Прозвище – дело сурьезное в Кунишном, второе имя, а часто – главное имя. Такая вот особенность и такая причуда кунишников
Но если прозвали тебя, даже обидно, может, прозвали, неказисто, каким-нибудь «пуйком», зато тебя обозначили, – о, это ценно! – и ты есть, наличествуешь, существуешь, можешь даже гордо и торжественно заявить: «Вот я – Пуёк, я есмь, я живой, упругий, материальный, тёплый, небритый; меня – обозначили!» (Кстати, «пуёк» – это не то, что вы подумали, и даже не младший брат, и не сын, а – росток, саженец дикого дерева, если по-местному.) А вот если тебя не обозначили? Беда, беда!..
2
Кирика не обозначили. Никак. Никакое прозвище к нему не приставало. Ещё хотели было сердобольные соседи прилепить к нему хоть какое-то, пусть самое завалящее прозванье, но не держалось оно на нём, горохом от стенки отскакивало, водой по резине стекало. Ну, Кирик и Кирик, пацан, а потом, когда стал взрослым, дядька Кирик, официально – Кириак, обычное имя для тех мест, а вот прозвища у него не было – ничто остроумное к нему не прилипало. О, вы даже не представляете, какая это обида, и какая трагедия не иметь прозвища! Все равно, что жить без лица, или бабе не иметь, извините, задницы. Нет, вы бабоньки не обижайтесь, но ежели по правде сказать, то что такое женщина без главного внушительного достоинства? Эмансипированное недоразумение или, как сказали бы кунишники, фитюлька!

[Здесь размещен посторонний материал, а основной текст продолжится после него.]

lemma perfect_pairing_Union:
  assumes disj: "disjoint Q" and each: "\<forall>B\<in>Q. \<exists>m. perfect_pairing B adj m"
  shows "\<exists>m. perfect_pairing (\<Union>Q) adj m"
proof -
  from each obtain F where F: "\<And>B. B \<in> Q \<Longrightarrow> perfect_pairing B adj (F B)" by metis
  define block where "block v = (THE B. B \<in> Q \<and> v \<in> B)" for v
  have block: "block v = B" if "B \<in> Q" "v \<in> B" for B v
    unfolding block_def
    by (rule the_equality) (use that disj in \<open>auto simp: pairwise_def disjnt_def\<close>)
  have "perfect_pairing (\<Union>Q) adj (\<lambda>v. F (block v) v)"
    unfolding perfect_pairing_def
  proof
    fix v assume "v \<in> \<Union>Q"
    then obtain B where B: "B \<in> Q" "v \<in> B" by auto
    then show "F (block v) v \<in> \<Union>Q \<and> F (block v) v \<noteq> v \<and> F (block (F (block v) v)) (F (block v) v) = v
        \<and> adj v (F (block v) v)"
      using perfect_pairingD[OF F[OF B(1)] B(2)] block[OF B] block[OF B(1)] B by auto
  qed
  then show ?thesis by blast
qed

lemma perfect_pairing_insert_edge:
  assumes "perfect_pairing B adj m" "x \<notin> B" "y \<notin> B" "x \<noteq> y" "adj x y" "adj y x"
  shows "perfect_pairing (insert x (insert y B)) adj (m(x := y, y := x))"
  using assms unfolding perfect_pairing_def by auto

lemma perfect_pairing_avoiding:
  assumes "perfect_pairing W adj' m" "\<And>u v. adj' u v \<Longrightarrow> u \<notin> X \<Longrightarrow> adj u v" "W \<inter> X = {}"
  shows "perfect_pairing W adj m"
  using assms unfolding perfect_pairing_def by blast

lemma clique_perfect_pairing:
  assumes "finite B" "even (card B)" "\<And>x y. x \<in> B \<Longrightarrow> y \<in> B \<Longrightarrow> x \<noteq> y \<Longrightarrow> adj x y"
  shows "\<exists>m. perfect_pairing B adj m"
  using assms
proof (induction "card B" arbitrary: B rule: less_induct)
  case less
  show ?case
  proof (cases "B = {}")
    case True
    then show ?thesis by (auto simp: perfect_pairing_def)
  next
    case False
    then obtain x where x: "x \<in> B" by auto
    have "B - {x} \<noteq> {}"
    proof
      assume "B - {x} = {}"
      then have "B = {x}" using x by auto
      then show False using less.prems(2) by simp
    qed
    then obtain y where y: "y \<in> B" "y \<noteq> x" by auto
    let ?B = "B - {x, y}"
    have "card {x, y} \<le> card B" by (rule card_mono) (use x y less.prems(1) in auto)
    moreover have "card ?B = card B - 2" using x y less.prems(1) by (simp add: card_Diff_subset)
    ultimately have "card ?B = card B - 2" "card B \<ge> 2" using y by auto
    then have "card ?B < card B" "even (card ?B)" using less.prems(2) by auto
    then obtain m where "perfect_pairing ?B adj m"
      using less.hyps[of ?B] less.prems by auto
    then have "perfect_pairing (insert x (insert y ?B)) adj (m(x := y, y := x))"
      by (rule perfect_pairing_insert_edge) (use x y less.prems(3) in auto)
    moreover have "insert x (insert y ?B) = B" using x y by auto
    ultimately show ?thesis by auto
  qed
qed

fun alt_walk :: "('v \<Rightarrow> 'v) \<Rightarrow> ('v \<Rightarrow> 'v) \<Rightarrow> 'v \<Rightarrow> nat \<Rightarrow> 'v" where
  "alt_walk m1 m2 d 0 = d"
| "alt_walk m1 m2 d (Suc n) = (if even n then m1 else m2) (alt_walk m1 m2 d n)"

context
  fixes W :: "'v set" and adj1 adj2 :: "'v \<Rightarrow> 'v \<Rightarrow> bool" and m1 m2 :: "'v \<Rightarrow> 'v" and d :: 'v
  assumes p1: "perfect_pairing W adj1 m1" and p2: "perfect_pairing W adj2 m2" and d: "d \<in> W"
begin

lemma alt_walk_in: "alt_walk m1 m2 d n \<in> W"
  using perfect_pairingD(1)[OF p1] perfect_pairingD(1)[OF p2] d by (induction n) auto

lemma alt_walk_back: "(if even n then m1 else m2) (alt_walk m1 m2 d (Suc n)) = alt_walk m1 m2 d n"
  using perfect_pairingD(3)[OF p1 alt_walk_in] perfect_pairingD(3)[OF p2 alt_walk_in] by simp

lemma alt_walk_m1: "m1 (alt_walk m1 m2 d i) \<in> alt_walk m1 m2 d ` {..Suc i}"
proof (cases "even i")
  case True
  then show ?thesis by (intro image_eqI[of _ _ "Suc i"]) auto
next
  case False
  then obtain j where "i = Suc j" by (cases i) auto
  with False have "i = Suc j" "even j" by auto
  then show ?thesis using alt_walk_back[of j] by (intro image_eqI[of _ _ j]) auto
qed

lemma alt_walk_m2: "m2 (alt_walk m1 m2 d i) \<in> insert (m2 d) (alt_walk m1 m2 d ` {..Suc i})"
proof (cases "odd i")
  case True
  then show ?thesis by (intro insertI2 image_eqI[of _ _ "Suc i"]) auto
next
  case False
  show ?thesis
  proof (cases i)
    case (Suc j)
    with False have "odd j" by simp
    then show ?thesis using alt_walk_back[of j] Suc by (intro insertI2 image_eqI[of _ _ j]) auto
  qed simp
qed

text \<open>Until it reaches m2 d, the walk visits no vertex twice: a first repetition would force two
  distinct vertices to share a partner.\<close>
lemma alt_walk_distinct:
  assumes avoid: "\<forall>i<k. alt_walk m1 m2 d i \<noteq> m2 d" and "i < j" "j \<le> k"
  shows "alt_walk m1 m2 d i \<noteq> alt_walk m1 m2 d j"
  using assms(2,3)
proof (induction j arbitrary: i rule: less_induct)
  case (less j)
  let ?w = "alt_walk m1 m2 d" and ?step = "\<lambda>n. if even n then m1 else m2"
  have step_fix: "?step n v \<noteq> v" if "v \<in> W" for n :: nat and v
    using perfect_pairingD(2)[OF p1 that] perfect_pairingD(2)[OF p2 that] by simp
  obtain j' where j: "j = Suc j'" using less.prems by (cases j) auto
  show ?case
  proof
    assume eq: "?w i = ?w j"
    then have prev: "?w j' = ?step j' (?w i)" using alt_walk_back[of j'] j by simp
    show False
    proof (cases i)
      case 0
      show False
      proof (cases "even j'")
        case True
        then have "?w j' = ?w 1" using prev 0 by simp
        moreover have "j' \<noteq> 0" using prev 0 True step_fix[OF d, of 0] by (cases j') auto
        ultimately show False using less.IH[of j' 1] True j less.prems by fastforce
      next
        case False
        then show False using prev 0 avoid j less.prems by auto
      qed
    next
      case (Suc i')
      show False
      proof (cases "even i' = even j'")
        case True
        then have "?w i' = ?w j'" using alt_walk_back[of i'] prev Suc by simp
        then show False using less.IH[of j' i'] Suc j less.prems by simp
      next
        case False
        then have "?w (Suc i) = ?w j'" using prev Suc by simp
        moreover have "i \<noteq> j'" using eq j step_fix[OF alt_walk_in, of i i] by auto
        moreover have "Suc i \<noteq> j'" using False Suc by auto
        ultimately show False using less.IH[of j' "Suc i"] j less.prems by simp
      qed
    qed
  qed
qed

Трудно понять психологию, а еще труднее сравнивать психологию людскую с психологией стаи, но сельчане не любили Кирика; с самого его детства сторонились его, словно чувствовали в нем некую неприличную ущербность, нечто неприятно чужеродное. Если вы видели когда-нибудь, как стая птиц изгоняет или заклёвывает (не потому заклёвывает, что виноват, а потому, что не нравится)
Его, правда, не любили.
Его не любили и ровесники, и пацаны постарше, и даже взрослые, хотя взрослые были более терпимы, чем жестокие деточки. Собравшись вместе, пацаньё частенько до одури измывалось над Кириком, этим гадким утенком, забитым, затурканным, который «ни бэ, ни мэ, ни кукареку», как сказал однажды Тришка Курач. Короче, развлекались ребятишки, да с жестокостью. Бедного паренька, рохлистого, белобрысого, но по сути добродушного, обижал каждый нагловатый соплячок, насмехался всяк, кому не лень, и даже девчонки могли его толкнуть, пнуть ногой, дать щелбан, что считалось большим позором в этом патриархальном селе, где мужик, мальчик всегда считался главнее, нежели особа женского роду.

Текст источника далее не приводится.